A decade ago, we wrote that the bicycle is one of the world's seven everyday wonders because it's so simple, effective, affordable, and pollution-free. To that list, we might have added "enriching."
Bicycling for transportation pumps money into local economies. Bikes are wheels of fortune. (Thanks to Flickr photographer hanbyholems for the picture to the right.) If your community spends money building bikeways, you and your neighbors will cycle more. Your cycling will put extra money in the local economy. (I'll explain how in a moment.) The extra money will make the community rich enough to pay for more bikeways. More bikeways will induce more cycling, and the virtuous circle will continue.
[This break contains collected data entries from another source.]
text \<open>Pairing of a tensor series with a tensor given as a list of basis words (with multiplicity).\<close>
definition pair_words :: "(nat list \<Rightarrow> real) \<Rightarrow> nat list list \<Rightarrow> real" where
  "pair_words s ws = sum_list (map s ws)"

definition tprod :: "(nat list \<Rightarrow> real) \<Rightarrow> (nat list \<Rightarrow> real) \<Rightarrow> nat list \<Rightarrow> real" where
  "tprod s t w = (\<Sum>i\<le>length w. s (take i w) * t (drop i w))"

definition tunit :: "nat list \<Rightarrow> real" where
  "tunit w = (if w = [] then 1 else 0)"

fun tpow :: "(nat list \<Rightarrow> real) \<Rightarrow> nat \<Rightarrow> nat list \<Rightarrow> real" where
  "tpow y 0 = tunit"
| "tpow y (Suc n) = tprod (y) (tpow y n)"

definition tlog :: "(nat list \<Rightarrow> real) \<Rightarrow> nat list \<Rightarrow> real" where
  "tlog y w = (\<Sum>n. (-1) ^ n / real (Suc n) * tpow (\<lambda>v. y v - tunit v) (Suc n) w)"

definition level_norm :: "nat \<Rightarrow> nat \<Rightarrow> (nat list \<Rightarrow> real) \<Rightarrow> real" where
  "level_norm d m x = sqrt (\<Sum>w\<in>{w. length w = m \<and> is_word d w}. (x w)\<^sup>2)"
lemma irrational_add_inverse: "\<beta> \<notin> \<rat> \<Longrightarrow> of_int a + 1 / \<beta> \<notin> \<rat>"
  by (metis Rats_diff Rats_of_int Rats_inverse add_diff_cancel_left' inverse_eq_divide inverse_inverse_eq)

lemma exists_irrational_gt: "\<exists>t::real. t \<notin> \<rat> \<and> X < t"
proof -
  have "\<not> {X<..<X + 1} \<subseteq> \<rat>"
    using countable_rat uncountable_open_interval[of X "X + 1"] countable_subset by auto
  then show ?thesis by auto
qed

lemma exists_irrational_near_integer:
  fixes p :: int and B \<delta> :: real
  assumes "1 \<le> p" "0 < \<delta>"
  shows "\<exists>\<alpha>. \<alpha> \<notin> \<rat> \<and> cf_num \<alpha> 0 = p \<and> B < cf_den \<alpha> 1 \<and> B < cf_num \<alpha> 1 \<and> \<bar>\<alpha> - p\<bar> < \<delta>"
proof -
  obtain t where t: "t \<notin> \<rat>" "max (max B (1 / \<delta>)) 1 + 1 < t"
    using exists_irrational_gt by blast
  have t_gt: "1 < t" "B < \<lfloor>t\<rfloor>" "1 \<le> \<lfloor>t\<rfloor>" "1 / \<delta> < t"
    using t(2) by linarith+
  have "1 / t < \<delta>"
    using t_gt(1,4) \<open>0 < \<delta>\<close> by (simp add: field_simps)
  have "\<lfloor>t\<rfloor> \<le> \<lfloor>t\<rfloor> * p"
    using t_gt(3) assms(1) by simp
  then have "B < of_int (\<lfloor>t\<rfloor> * p + 1)"
    using t_gt(2) by linarith
  moreover have "cf_num t 0 = \<lfloor>t\<rfloor>"
    by (simp add: cf_digit_def)
  ultimately show ?thesis
    using t_gt \<open>1 / t < \<delta>\<close> irrational_add_inverse[OF t(1)]
      cf_den_num_add_inverse[OF t_gt(1), of p 0] cf_digit_add_inverse(1)[OF t_gt(1), of p]
    by (intro exI[of _ "of_int p + 1 / t"]) auto
qed

lemma abs_inverse_diff_le:
  fixes \<beta> q r :: real
  assumes "1 < \<beta>" "0 < r" "r \<le> q"
  shows "\<bar>1 / \<beta> - r / q\<bar> \<le> \<bar>\<beta> - q / r\<bar>"
proof -
  have "q \<le> \<beta> * q"
    using assms by (simp add: mult_le_cancel_right1)
  then have "r \<le> \<beta> * q"
    using assms(3) by linarith
  then have small: "\<bar>r / (\<beta> * q)\<bar> \<le> 1"
    using assms by (simp add: divide_le_eq)
  have "1 / \<beta> - r / q = (r / (\<beta> * q)) * (q / r - \<beta>)"
    using assms by (simp add: field_simps)
  then have "\<bar>1 / \<beta> - r / q\<bar> = \<bar>r / (\<beta> * q)\<bar> * \<bar>\<beta> - q / r\<bar>"
    by (simp only: abs_mult abs_minus_commute)
  also have "\<dots> \<le> \<bar>\<beta> - q / r\<bar>"
    using mult_right_mono[OF small abs_ge_zero] by simp
  finally show ?thesis .
qed

lemma exists_irrational_with_convergent:
  fixes p q :: int and B :: "nat \<Rightarrow> real"
  assumes "coprime p q" "1 \<le> q" "q \<le> p" "0 < \<delta>"
  shows "\<exists>\<alpha> n. \<alpha> \<notin> \<rat> \<and> cf_den \<alpha> n = q \<and> cf_num \<alpha> n = p
           \<and> B n < cf_den \<alpha> (Suc n) \<and> B n < cf_num \<alpha> (Suc n) \<and> \<bar>\<alpha> - p / q\<bar> < \<delta>"
  using assms
proof (induction "nat q" arbitrary: p q B \<delta> rule: less_induct)
  case less
  consider "q = 1" | "2 \<le> q"
    using less.prems by linarith
  then show ?case
  proof cases
    case 1
    then obtain \<alpha> where "\<alpha> \<notin> \<rat>" "cf_num \<alpha> 0 = p" "B 0 < cf_den \<alpha> 1" "B 0 < cf_num \<alpha> 1"
        "\<bar>\<alpha> - p\<bar> < \<delta>"
      using exists_irrational_near_integer[of p \<delta> "B 0"] less.prems by auto
    with 1 show ?thesis
      by (intro exI[of _ \<alpha>] exI[of _ 0]) simp
  next
    case 2
    define a r where "a = p div q" and "r = p mod q"
    have p_eq: "p = a * q + r"
      by (simp add: a_def r_def)
    have "r \<noteq> 0"
      using less.prems(1) 2 by (auto simp: r_def coprime_commute dest: coprime_absorb_left)
    then have r: "0 < r" "r < q"
      using 2 unfolding r_def by (simp_all add: order_le_neq_trans)
    have "1 \<le> a"
      using less.prems(3) 2 zdiv_mono1[of q p q] by (simp add: a_def)
    have "coprime q r"
      using less.prems(1) 2 by (simp add: r_def coprime_commute)
    \<comment> \<open>The cap (q - r) / r on the accuracy keeps the tail \<open>\<beta>\<close> above 1.\<close>
    define \<delta>' where "\<delta>' = min \<delta> ((q - r) / r)"
    define B' where "B' = (\<lambda>n. max 0 (B (Suc n)))"
    obtain \<beta> n where \<beta>: "\<beta> \<notin> \<rat>" "cf_den \<beta> n = r" "cf_num \<beta> n = q"
        "B' n < cf_den \<beta> (Suc n)" "B' n < cf_num \<beta> (Suc n)" "\<bar>\<beta> - q / r\<bar> < \<delta>'"
      using less.hyps[of r q \<delta>' B'] \<open>coprime q r\<close> r less.prems(4) by (auto simp: \<delta>'_def)
    have close: "\<bar>\<beta> - q / r\<bar> < \<delta>" "\<bar>\<beta> - q / r\<bar> < (q - r) / r"
      using \<beta>(6) by (simp_all add: \<delta>'_def)
    moreover have "q / r - (q - r) / r = 1"
      using r by (simp add: field_simps)
    ultimately have "1 < \<beta>"
      by linarith
    let ?\<alpha> = "of_int a + 1 / \<beta>"
    note shift = cf_den_num_add_inverse[OF \<open>1 < \<beta>\<close>, of a]
    have "cf_den ?\<alpha> (Suc n) = q" "cf_num ?\<alpha> (Suc n) = p"
      using shift[of n] \<beta>(2,3) by (simp_all add: p_eq)
    moreover have "B (Suc n) < cf_den ?\<alpha> (Suc (Suc n))"
      using shift[of "Suc n"] \<beta>(5) by (simp add: B'_def)
    moreover have "B (Suc n) < cf_num ?\<alpha> (Suc (Suc n))"
    proof -
      have "0 \<le> cf_num \<beta> (Suc n)" "0 \<le> cf_den \<beta> (Suc n)"
        using \<beta>(4,5) by (auto simp: B'_def)
      moreover have "cf_num \<beta> (Suc n) \<le> a * cf_num \<beta> (Suc n)"
        using mult_right_mono[OF \<open>1 \<le> a\<close> calculation(1)] by simp
      ultimately have "cf_num \<beta> (Suc n) \<le> cf_num ?\<alpha> (Suc (Suc n))"
        using shift[of "Suc n"] by linarith
      then show ?thesis
        using \<beta>(5) unfolding B'_def by (smt (verit) of_int_le_iff)
    qed
    moreover have "\<bar>?\<alpha> - p / q\<bar> < \<delta>"
    proof -
      have "?\<alpha> - p / q = 1 / \<beta> - r / q"
        using r by (simp add: p_eq field_simps)
      then show ?thesis
        using abs_inverse_diff_le[OF \<open>1 < \<beta>\<close>, of r q] r close(1) by simp
    qed
    ultimately show ?thesis
      using irrational_add_inverse[OF \<beta>(1)] by blast
  qed
qed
Let's break the process into steps.
Building bikeways costs money.
Bikeways are cheap, especially compared to roads and trains, but they're not free. In the Puget Sound area, construction can easily cost more than $1 million per mile for a new trail or lane -- not counting land. Seattle's 10-year Bicycle Master Plan sketches a citywide network of cycling routes estimated to cost about $240 million. Retrofitting all of Cascadia's communities for Bicycle Respect -- integrated systems of separate, signaled bikeways as found in parts of northern Europe -- would cost billions of dollars. (Sort of like RTID/ST and Pacific Gateway.)